### Input material
:::::
(* Let $m>0$ be an even integer and suppose that $s=(s_A,s_B)$ is a classical deterministic winning strategy for the matching game with parameter $m$. Then there is a set $R$ of bit strings of length $m$ such that the following hold simultaneously: (1) $|R|\ge \dfrac{2^m}{2^{\lceil\log_2 m\rceil}}$; (2) the graph $G_s$ contains a connected component with more than $\frac{m}{2}$ vertices; (3) for each $\{i,j\}\in E_s$, the value $r_i\oplus r_j$ is the same for every $r\in R$.
   Context: A perfect matching on $\{0,\ldots,m-1\}$ ($m$ even) is a partition of this set into $m/2$ sets of cardinality 2; $M_m$ denotes the set of all perfect matchings. Let $L=\lceil\log_2 m\rceil$. For $n\in\{0,\ldots,m-1\}$, $\bar n\in\{0,1\}^L$ is the $L$-bit binary representation of $n$, most significant bit first. On bit strings $\oplus$ is bitwise, and $u\cdot v=\bigoplus_i(u_i\wedge v_i)$. The matching game with parameter $m$: Alice receives $x\in\{0,1\}^m$ and outputs $a\in\{0,1\}^L$; Bob receives $y\in M_m$ and outputs a two-element set $\{b_1,b_2\}\subseteq\{0,\ldots,m-1\}$ and a string $b\in\{0,1\}^L$; they win on question $(x,y)$ iff $\{b_1,b_2\}\in y$ and $x_{b_1}\oplus x_{b_2}=(\bar b_1\oplus\bar b_2)\cdot(a\oplus b)$. A classical deterministic strategy is a pair of functions $s_A:\{0,1\}^m\to\{0,1\}^L$ and $s_B:M_m\to\{\text{two-element subsets of }\{0,\ldots,m-1\}\}\times\{0,1\}^L$; it is winning if $(s_A(x),s_B(y))$ wins on every question $(x,y)\in\{0,1\}^m\times M_m$. For such $s$, $G_s=(V,E_s)$ is the graph with vertex set $V=\{0,1,\ldots,m-1\}$ whose edge set $E_s$ consists of all two-element sets $\{i,j\}$ that Bob outputs (as the first component of $s_B(y)$) for at least one input $y\in M_m$. A connected component of a graph is a nonempty maximal connected induced subgraph; its cardinality is its number of vertices. *)

theory Defs
  imports Main "HOL-Library.Log_Nat" Complex_Main
begin

definition Lm :: "nat \<Rightarrow> nat" where
  "Lm m = nat \<lceil>log 2 (real m)\<rceil>"

definition bin :: "nat \<Rightarrow> nat \<Rightarrow> bool list" where
  "bin L n = map (\<lambda>k. bit n (L - 1 - k)) [0..<L]"

definition xorv :: "bool list \<Rightarrow> bool list \<Rightarrow> bool list" where
  "xorv u v = map2 (\<noteq>) u v"

definition dotv :: "bool list \<Rightarrow> bool list \<Rightarrow> bool" where
  "dotv u v = foldr (\<noteq>) (map2 (\<and>) u v) False"

definition perfect_matchings :: "nat \<Rightarrow> nat set set set" where
  "perfect_matchings m = {y. (\<forall>e\<in>y. e \<subseteq> {0..<m} \<and> card e = 2) \<and>
                              (\<forall>i<m. \<exists>!e. e \<in> y \<and> i \<in> e)}"

definition wins :: "nat \<Rightarrow> bool list \<Rightarrow> bool list \<Rightarrow> nat set set \<Rightarrow> nat set \<Rightarrow> bool list \<Rightarrow> bool" where
  "wins m x a y e b \<longleftrightarrow> e \<in> y \<and>
     (\<exists>b1 b2. e = {b1, b2} \<and> b1 \<noteq> b2 \<and>
        ((x ! b1 \<noteq> x ! b2) = dotv (xorv (bin (Lm m) b1) (bin (Lm m) b2)) (xorv a b)))"

definition winning_strategy :: "nat \<Rightarrow> (bool list \<Rightarrow> bool list) \<Rightarrow> (nat set set \<Rightarrow> nat set \<times> bool list) \<Rightarrow> bool" where
  "winning_strategy m sA sB \<longleftrightarrow>
     (\<forall>x. length x = m \<longrightarrow> length (sA x) = Lm m) \<and>
     (\<forall>y\<in>perfect_matchings m. card (fst (sB y)) = 2 \<and> fst (sB y) \<subseteq> {0..<m}
                                \<and> length (snd (sB y)) = Lm m) \<and>
     (\<forall>x y. length x = m \<longrightarrow> y \<in> perfect_matchings m \<longrightarrow>
        wins m x (sA x) y (fst (sB y)) (snd (sB y)))"

definition edges_s :: "nat \<Rightarrow> (nat set set \<Rightarrow> nat set \<times> bool list) \<Rightarrow> nat set set" where
  "edges_s m sB = (\<lambda>y. fst (sB y)) ` perfect_matchings m"

definition component :: "nat \<Rightarrow> nat set set \<Rightarrow> nat \<Rightarrow> nat set" where
  "component m E v = {u. u < m \<and> (v, u) \<in> {(i, j). {i, j} \<in> E}\<^sup>*}"

end

theory Submission
  imports Defs "HOL-Library.FuncSet"
begin

(* By pigeonhole, Alice's answer is constant on a set R of at least 2^m / 2^L inputs; on R the
   winning condition makes r_i \<oplus> r_j a function of Bob's answer alone for every edge {i, j} he
   can output. Bob must answer with an edge of the matching he receives, so E_s meets every
   perfect matching. If all components had at most m/2 vertices, listing the vertices sorted by
   component and pairing the k-th with the (k + m/2)-th would give a perfect matching whose pairs
   all join different components. *)

lemma component_subset: "component m E v \<subseteq> {0..<m}"
  by (auto simp: component_def)

lemma finite_component: "finite (component m E v)"
  by (rule finite_subset[OF component_subset]) simp

lemma mem_component_self: "v < m \<Longrightarrow> v \<in> component m E v"
  by (simp add: component_def)

lemma mem_componentI: "{v, w} \<in> E \<Longrightarrow> w < m \<Longrightarrow> w \<in> component m E v"
  by (auto simp: component_def)

lemma component_eq:
  assumes "w \<in> component m E v"
  shows "component m E w = component m E v"
proof -
  let ?r = "{(i, j). {i, j} \<in> E}"
  have "sym (?r\<^sup>*)"
    by (intro sym_rtrancl) (auto simp: sym_def insert_commute)
  moreover have "(v, w) \<in> ?r\<^sup>*"
    using assms by (simp add: component_def)
  ultimately have "(w, v) \<in> ?r\<^sup>*"
    by (rule symD)
  with \<open>(v, w) \<in> ?r\<^sup>*\<close> show ?thesis
    unfolding component_def by (auto intro: rtrancl_trans)
qed

lemma Min_component_in: "v < m \<Longrightarrow> Min (component m E v) \<in> component m E v"
  by (rule Min_in[OF finite_component]) (use mem_component_self in blast)

lemma mem_component_if_Min_eq:
  assumes "v < m" "w < m" "Min (component m E v) = Min (component m E w)"
  shows "w \<in> component m E v"
proof -
  have "component m E v = component m E (Min (component m E v))"
    using component_eq[OF Min_component_in[OF assms(1)]] by simp
  also have "\<dots> = component m E w"
    using component_eq[OF Min_component_in[OF assms(2)]] assms(3) by simp
  finally show ?thesis
    using mem_component_self[OF assms(2)] by simp
qed

lemma mem_component_if_sorted_between:
  assumes sorted: "sorted (map (\<lambda>v. Min (component m E v)) xs)"
    and "set xs \<subseteq> {0..<m}" "a \<le> t" "t \<le> b" "b < length xs"
    and "xs ! b \<in> component m E (xs ! a)"
  shows "xs ! t \<in> component m E (xs ! a)"
proof (rule mem_component_if_Min_eq)
  let ?c = "\<lambda>v. Min (component m E v)"
  have "xs ! i < m" if "i < length xs" for i
    using assms(2) nth_mem[OF that] by auto
  then show "xs ! a < m" "xs ! t < m"
    using assms(3-5) by simp_all
  have "?c (xs ! b) = ?c (xs ! a)"
    using component_eq[OF assms(6)] by simp
  moreover have "?c (xs ! a) \<le> ?c (xs ! t)" "?c (xs ! t) \<le> ?c (xs ! b)"
    using sorted_nth_mono[OF sorted, of a t] sorted_nth_mono[OF sorted, of t b] assms(3-5)
    by simp_all
  ultimately show "?c (xs ! a) = ?c (xs ! t)"
    by simp
qed

lemma half_shift_matching:
  assumes "distinct xs" "set xs = {0..<2 * h}"
  shows "(\<lambda>k. {xs ! k, xs ! (k + h)}) ` {..<h} \<in> perfect_matchings (2 * h)"
proof -
  have len: "length xs = 2 * h"
    using assms distinct_card by fastforce
  have nth_inj: "xs ! i = xs ! j \<longleftrightarrow> i = j" if "i < 2 * h" "j < 2 * h" for i j
    using nth_eq_iff_index_eq[OF assms(1)] len that by simp
  have nth_below: "xs ! i < 2 * h" if "i < 2 * h" for i
    using nth_mem[of i xs] assms(2) len that by simp
  show ?thesis
    unfolding perfect_matchings_def
  proof (intro CollectI conjI ballI allI impI)
    fix e assume "e \<in> (\<lambda>k. {xs ! k, xs ! (k + h)}) ` {..<h}"
    then obtain k where "k < h" "e = {xs ! k, xs ! (k + h)}"
      by blast
    then show "e \<subseteq> {0..<2 * h}" "card e = 2"
      using nth_below nth_inj by auto
  next
    fix i assume "i < 2 * h"
    then obtain p where p: "p < 2 * h" "xs ! p = i"
      using assms(2) len by (metis atLeastLessThan_iff in_set_conv_nth zero_le)
    define k where "k = (if p < h then p else p - h)"
    have k: "k < h" "p = k \<or> p = k + h"
      using p by (auto simp: k_def)
    show "\<exists>!e. e \<in> (\<lambda>k. {xs ! k, xs ! (k + h)}) ` {..<h} \<and> i \<in> e"
    proof (rule ex1I)
      show "{xs ! k, xs ! (k + h)} \<in> (\<lambda>k. {xs ! k, xs ! (k + h)}) ` {..<h} \<and> i \<in> {xs ! k, xs ! (k + h)}"
        using k p by auto
    next
      fix e assume e: "e \<in> (\<lambda>k. {xs ! k, xs ! (k + h)}) ` {..<h} \<and> i \<in> e"
      then obtain k' where k': "k' < h" "e = {xs ! k', xs ! (k' + h)}"
        by blast
      then have "p = k' \<or> p = k' + h"
        using e p nth_inj by auto
      with k k' show "e = {xs ! k, xs ! (k + h)}"
        by auto
    qed
  qed
qed

lemma large_component_if_meets_all_perfect_matchings:
  assumes "even m" and meets: "\<And>y. y \<in> perfect_matchings m \<Longrightarrow> \<exists>e\<in>y. e \<in> E"
  shows "\<exists>v<m. m < 2 * card (component m E v)"
proof -
  define h where "h = m div 2"
  have m: "m = 2 * h"
    using \<open>even m\<close> by (simp add: h_def)
  \<comment> \<open>components occupy contiguous blocks of \<open>xs\<close>\<close>
  define xs where "xs = sort_key (\<lambda>v. Min (component m E v)) [0..<m]"
  have xs: "distinct xs" "set xs = {0..<m}" "length xs = m"
    "sorted (map (\<lambda>v. Min (component m E v)) xs)"
    by (simp_all add: xs_def)
  have "(\<lambda>k. {xs ! k, xs ! (k + h)}) ` {..<h} \<in> perfect_matchings m"
    using half_shift_matching[of xs h] xs m by simp
  then obtain k where k: "k < h" and edge: "{xs ! k, xs ! (k + h)} \<in> E"
    using meets by blast
  have below_m: "xs ! i < m" if "i < m" for i
    using nth_mem[of i xs] xs that by simp
  have "xs ! (k + h) \<in> component m E (xs ! k)"
    using edge below_m k m by (intro mem_componentI) auto
  then have segment: "(!) xs ` {k..k + h} \<subseteq> component m E (xs ! k)"
    using mem_component_if_sorted_between[of m E xs k _ "k + h"] xs k m by auto
  have "inj_on ((!) xs) {k..k + h}"
    using nth_eq_iff_index_eq[OF xs(1)] xs k m by (auto simp: inj_on_def)
  then have "h + 1 = card ((!) xs ` {k..k + h})"
    by (simp add: card_image)
  also have "\<dots> \<le> card (component m E (xs ! k))"
    using segment finite_component by (rule card_mono[rotated])
  finally show ?thesis
    using below_m k m by (intro exI[of _ "xs ! k"]) auto
qed

lemma exists_large_fiber_lists:
  fixes f :: "'a::finite list \<Rightarrow> 'b::finite list"
  assumes "\<And>x. length x = m \<Longrightarrow> length (f x) = L"
  shows "\<exists>b. card (UNIV :: 'a set) ^ m
               \<le> card {x. length x = m \<and> f x = b} * card (UNIV :: 'b set) ^ L"
proof -
  let ?A = "{x::'a list. length x = m}" and ?B = "{b::'b list. length b = L}"
  have "f \<in> ?A \<rightarrow> ?B"
    using assms by blast
  moreover have "?B \<noteq> {}"
    using length_replicate[of L undefined] by blast
  moreover have "finite ?A" "finite ?B"
    using finite_lists_length_eq[of "UNIV :: 'a set" m] finite_lists_length_eq[of "UNIV :: 'b set" L]
    by simp_all
  ultimately obtain b where "card ?A \<le> card (f -` {b} \<inter> ?A) * card ?B"
    using pigeonhole_card by blast
  moreover have "f -` {b} \<inter> ?A = {x. length x = m \<and> f x = b}"
    by blast
  ultimately show ?thesis
    using card_lists_length_eq[of "UNIV :: 'a set" m] card_lists_length_eq[of "UNIV :: 'b set" L]
    by auto
qed

lemma xorv_commute: "xorv u v = xorv v u"
  unfolding xorv_def
proof (induction u arbitrary: v)
  case Nil
  then show ?case by simp
next
  case (Cons a u)
  then show ?case by (cases v) auto
qed

lemma winning_strategy_answer_in_matching:
  assumes "winning_strategy m sA sB" "y \<in> perfect_matchings m"
  shows "fst (sB y) \<in> y"
proof -
  have "wins m (replicate m False) (sA (replicate m False)) y (fst (sB y)) (snd (sB y))"
    using assms by (simp add: winning_strategy_def)
  then show ?thesis
    by (simp add: wins_def)
qed

lemma winning_strategy_parity:
  assumes "winning_strategy m sA sB" "length x = m" "y \<in> perfect_matchings m"
    and "fst (sB y) = {i, j}"
  shows "(x ! i \<noteq> x ! j) = dotv (xorv (bin (Lm m) i) (bin (Lm m) j)) (xorv (sA x) (snd (sB y)))"
proof -
  have "wins m x (sA x) y (fst (sB y)) (snd (sB y))"
    using assms(1-3) by (simp add: winning_strategy_def)
  then obtain b1 b2 where b: "{b1, b2} = {i, j}"
    and parity: "(x ! b1 \<noteq> x ! b2) = dotv (xorv (bin (Lm m) b1) (bin (Lm m) b2)) (xorv (sA x) (snd (sB y)))"
    using assms(4) by (auto simp: wins_def)
  from b consider "b1 = i" "b2 = j" | "b1 = j" "b2 = i"
    by (auto simp: doubleton_eq_iff)
  then show ?thesis
    using parity xorv_commute by cases auto
qed

lemma winning_strategy_parity_eq:
  assumes "winning_strategy m sA sB" "{i, j} \<in> edges_s m sB"
    and "length r = m" "length r' = m" "sA r = sA r'"
  shows "(r ! i \<noteq> r ! j) = (r' ! i \<noteq> r' ! j)"
proof -
  from assms(2) obtain y where y: "y \<in> perfect_matchings m" "fst (sB y) = {i, j}"
    unfolding edges_s_def by auto
  show ?thesis
    using winning_strategy_parity[OF assms(1) assms(3) y] winning_strategy_parity[OF assms(1) assms(4) y]
      assms(5)
    by simp
qed

lemma winning_strategy_large_component:
  assumes "winning_strategy m sA sB" "even m"
  shows "\<exists>v<m. m < 2 * card (component m (edges_s m sB) v)"
proof (rule large_component_if_meets_all_perfect_matchings[OF assms(2)])
  fix y assume "y \<in> perfect_matchings m"
  then show "\<exists>e\<in>y. e \<in> edges_s m sB"
    using winning_strategy_answer_in_matching[OF assms(1)] by (auto simp: edges_s_def)
qed

theorem lemma2:
  fixes m :: nat
    and sA :: "bool list \<Rightarrow> bool list"
    and sB :: "nat set set \<Rightarrow> nat set \<times> bool list"
  assumes "m > 0" and "even m"
    and "winning_strategy m sA sB"
  shows "\<exists>R :: bool list set. (\<forall>r\<in>R. length r = m) \<and>
           real (card R) \<ge> 2 ^ m / 2 ^ Lm m \<and>
           (\<exists>v<m. real (card (component m (edges_s m sB) v)) > real m / 2) \<and>
           (\<forall>i j. {i, j} \<in> edges_s m sB \<longrightarrow>
              (\<forall>r\<in>R. \<forall>r'\<in>R. (r ! i \<noteq> r ! j) = (r' ! i \<noteq> r' ! j)))"
proof -
  have "\<And>x. length x = m \<Longrightarrow> length (sA x) = Lm m"
    using assms(3) by (simp add: winning_strategy_def)
  then obtain a where fiber: "2 ^ m \<le> card {x. length x = m \<and> sA x = a} * 2 ^ Lm m"
    using exists_large_fiber_lists[of m sA "Lm m"] by auto
  define R where "R = {x. length x = m \<and> sA x = a}"
  have "real (2 ^ m) \<le> real (card R * 2 ^ Lm m)"
    using fiber unfolding R_def by (simp only: of_nat_le_iff)
  then have "2 ^ m / 2 ^ Lm m \<le> real (card R)"
    by (simp add: divide_le_eq)
  moreover obtain v where "v < m" "m < 2 * card (component m (edges_s m sB) v)"
    using winning_strategy_large_component[OF assms(3,2)] by blast
  then have "\<exists>v<m. real (card (component m (edges_s m sB) v)) > real m / 2"
    by (intro exI[of _ v]) linarith
  moreover have "\<forall>r\<in>R. length r = m"
    by (simp add: R_def)
  moreover have "\<forall>i j. {i, j} \<in> edges_s m sB \<longrightarrow>
      (\<forall>r\<in>R. \<forall>r'\<in>R. (r ! i \<noteq> r ! j) = (r' ! i \<noteq> r' ! j))"
    using winning_strategy_parity_eq[OF assms(3)] by (simp add: R_def)
  ultimately show ?thesis
    by blast
qed

end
:::::
### Work order
Go through the data above from its first line and copy each line exactly, stopping once the line with "theory Defs" has been copied.

### Your response
(* Let $m>0$ be an even integer and suppose that $s=(s_A,s_B)$ is a classical deterministic winning strategy for the matching game with parameter $m$. Then there is a set $R$ of bit strings of length $m$ such that the following hold simultaneously: (1) $|R|\ge \dfrac{2^m}{2^{\lceil\log_2 m\rceil}}$; (2) the graph $G_s$ contains a connected component with more than $\frac{m}{2}$ vertices; (3) for each $\{i,j\}\in E_s$, the value $r_i\oplus r_j$ is the same for every $r\in R$.
   Context: A perfect matching on $\{0,\ldots,m-1\}$ ($m$ even) is a partition of this set into $m/2$ sets of cardinality 2; $M_m$ denotes the set of all perfect matchings. Let $L=\lceil\log_2 m\rceil$. For $n\in\{0,\ldots,m-1\}$, $\bar n\in\{0,1\}^L$ is the $L$-bit binary representation of $n$, most significant bit first. On bit strings $\oplus$ is bitwise, and $u\cdot v=\bigoplus_i(u_i\wedge v_i)$. The matching game with parameter $m$: Alice receives $x\in\{0,1\}^m$ and outputs $a\in\{0,1\}^L$; Bob receives $y\in M_m$ and outputs a two-element set $\{b_1,b_2\}\subseteq\{0,\ldots,m-1\}$ and a string $b\in\{0,1\}^L$; they win on question $(x,y)$ iff $\{b_1,b_2\}\in y$ and $x_{b_1}\oplus x_{b_2}=(\bar b_1\oplus\bar b_2)\cdot(a\oplus b)$. A classical deterministic strategy is a pair of functions $s_A:\{0,1\}^m\to\{0,1\}^L$ and $s_B:M_m\to\{\text{two-element subsets of }\{0,\ldots,m-1\}\}\times\{0,1\}^L$; it is winning if $(s_A(x),s_B(y))$ wins on every question $(x,y)\in\{0,1\}^m\times M_m$. For such $s$, $G_s=(V,E_s)$ is the graph with vertex set $V=\{0,1,\ldots,m-1\}$ whose edge set $E_s$ consists of all two-element sets $\{i,j\}$ that Bob outputs (as the first component of $s_B(y)$) for at least one input $y\in M_m$. A connected component of a graph is a nonempty maximal connected induced subgraph; its cardinality is its number of vertices. *)

theory Defs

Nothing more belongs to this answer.